She was going through some tough times until recently until iIwon custody of her and moved. Previously her dad and I, were going through a very rough and sometimes violent times including lots of yelling along with her older sister getting into drugs and in the wrong crowd. Along with so many other things but far too many for me too include. All this began when she was 8. Before all this began to happened however, she was an absolute ball of energy, and just a little bit before things started spiraling out of control she began to be getting isolated by her classmates so that started putting out her energetic spark. She began to become quiet and kept to herself besides her closest and only friend. It was the worse in middle school when her friend moved and nobody at all liked her. I got too used to it, and couldn’t focus on her because of everything else going on. But anyways now that we are 2 years out of that toxic place, and across the country and living happily. I have time to truly focus on her, she’s 15 now and I have noticed so much. She is still cracks jokes and tells bad puns- she still is a ray of sunshine but extremely shy and quiet when it comes to new people and strangers and will act like such until she gets to know whoever.

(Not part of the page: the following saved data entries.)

lemma branch_quadratic_expand: "branch_quadratic v t = branch_quadratic v mu + (t - mu) * quadratic_slope v t"
  unfolding branch_quadratic_def quadratic_slope_def by (simp add: algebra_simps)

lemma V_root_factor: "v \<in> V_root \<Longrightarrow> branch_quadratic v t = (t - mu) * quadratic_slope v t"
  using branch_quadratic_expand[of v t] unfolding V_root_def by simp

lemma quadratic_slope_V_root:
  assumes "v \<in> V_root"
  shows "(mu - lam) * quadratic_slope v mu = (mu - lam)^2 + card (ch v)"
  using assms unfolding V_root_def branch_quadratic_def quadratic_slope_def
  by (simp add: algebra_simps power2_eq_square)

lemma quadratic_slope_V_root_nonzero: "v \<in> V_root \<Longrightarrow> quadratic_slope v mu \<noteq> 0"
proof
  assume "v \<in> V_root" and "quadratic_slope v mu = 0"
  hence "(mu - lam)^2 + card (ch v) = 0" using quadratic_slope_V_root[of v] by simp
  moreover have "(mu - lam)^2 > 0" using mu_ne_lam by simp
  ultimately show False by (simp add: add_pos_nonneg)
qed

lemma schur_branch_eq_quadratic:
  assumes "v \<in> V" and "t \<noteq> lam"
  shows "schur_branch A t v = branch_quadratic v t / (t - lam)"
proof -
  have "(\<Sum>l\<in>ch v. 1 / (t - A$l$l)) = card (ch v) / (t - lam)"
    using leaf_diag ch_subset_L by (simp add: subset_iff)
  thus ?thesis unfolding schur_branch_01[OF assms(1)] branch_quadratic_def
    using \<open>t \<noteq> lam\<close> by (simp add: field_simps)
qed

lemma charpoly_near_mu:
  assumes "t \<noteq> lam" and nz: "\<And>v. v \<in> V \<Longrightarrow> branch_quadratic v t \<noteq> 0"
  shows "poly (charpoly A) t = (t - lam)^(card L + 1 - card V) * (\<Prod>v\<in>V. branch_quadratic v t)
      * (1 - (\<Sum>v\<in>V. 1 / branch_quadratic v t))"
proof -
  have tl: "t - lam \<noteq> 0" using assms(1) by simp
  have branch: "schur_branch A t v = branch_quadratic v t / (t - lam)" if "v \<in> V" for v
    using schur_branch_eq_quadratic[OF that assms(1)] .
  have "poly (charpoly A) t = (\<Prod>l\<in>L. t - A$l$l) * (\<Prod>v\<in>V. schur_branch A t v)
      * (t - A$r$r - (\<Sum>v\<in>V. 1 / schur_branch A t v))"
    using leaf_diag tl nz branch by (intro poly_charpoly_01) auto
  also have "(\<Prod>l\<in>L. t - A$l$l) = (t - lam)^card L"
    using leaf_diag by simp
  also have "(\<Prod>v\<in>V. schur_branch A t v) = (\<Prod>v\<in>V. branch_quadratic v t) / (t - lam)^card V"
    using branch by (simp add: prod_dividef)
  also have "(\<Sum>v\<in>V. 1 / schur_branch A t v) = (t - lam) * (\<Sum>v\<in>V. 1 / branch_quadratic v t)"
    using branch by (simp add: sum_distrib_left)
  also have "t - A$r$r - (t - lam) * (\<Sum>v\<in>V. 1 / branch_quadratic v t)
      = (t - lam) * (1 - (\<Sum>v\<in>V. 1 / branch_quadratic v t))"
    using root_diag by (simp add: right_diff_distrib)
  also have "(t - lam)^card L * ((\<Prod>v\<in>V. branch_quadratic v t) / (t - lam)^card V)
      * ((t - lam) * (1 - (\<Sum>v\<in>V. 1 / branch_quadratic v t)))
      = (t - lam)^(card L + 1) / (t - lam)^card V * (\<Prod>v\<in>V. branch_quadratic v t)
      * (1 - (\<Sum>v\<in>V. 1 / branch_quadratic v t))"
    by (simp add: field_simps)
  also have "(t - lam)^(card L + 1) / (t - lam)^card V = (t - lam)^(card L + 1 - card V)"
    using tl card_L_ge by (simp add: power_diff)
  finally show ?thesis .
qed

She’s extremely selective of who she wants to befriend, gets scared easily and struggles when a person approaches her and starts a conversation. She sometimes cries when ordering food and talking to strangers but she laughs through her tears and tries talking but other days, strangely- this can last weeks, she’s just fine! She easily talks to whoever and joke around with strangers as if everything is she’s just fine but things always end up back to how she was, quiet and shy. She’s always tired, she sleeps so much she occasionally falls asleep in class also. She never wants to do anything,(-art) she looks tired all the time and doesn’t take care of herself. I made her go to therapy once but acted like she was fine, goofed around, didn’t say anything, brushes me off with a bright smile and a “I’m a-okay, don’t worry!” she says it so much that i cant help but believe it. Help?
I Strongly Believe My Daughter Has Depression & Anxiety, Won’t Let Me Help, What Should I Do?
A. It would be wise to keep close track of her. You should check with her about her moods and offer nonjudgmental support. You should also check her phone and internet/social media interactions. These things might give you some insight into what might be wrong. Some parents would consider this snooping and disrespectful but, given your concerns, you need to be aware of everything that is going on in her life. Until she is 18, moved out of your home, and living independently, you have the right to know what is happening in her life. It is especially important if you suspect mental illness.
You said that you forced her to go to counseling once but she did not seem to take it seriously. Once is not enough. The therapist is a stranger and few people would feel comfortable discussing their problems with a stranger. Trust takes time to develop. She should return to therapy but you might consider family therapy instead of individual therapy. That way, it shows that you all want to help improve the lives of each other and the family as a whole. Please take care.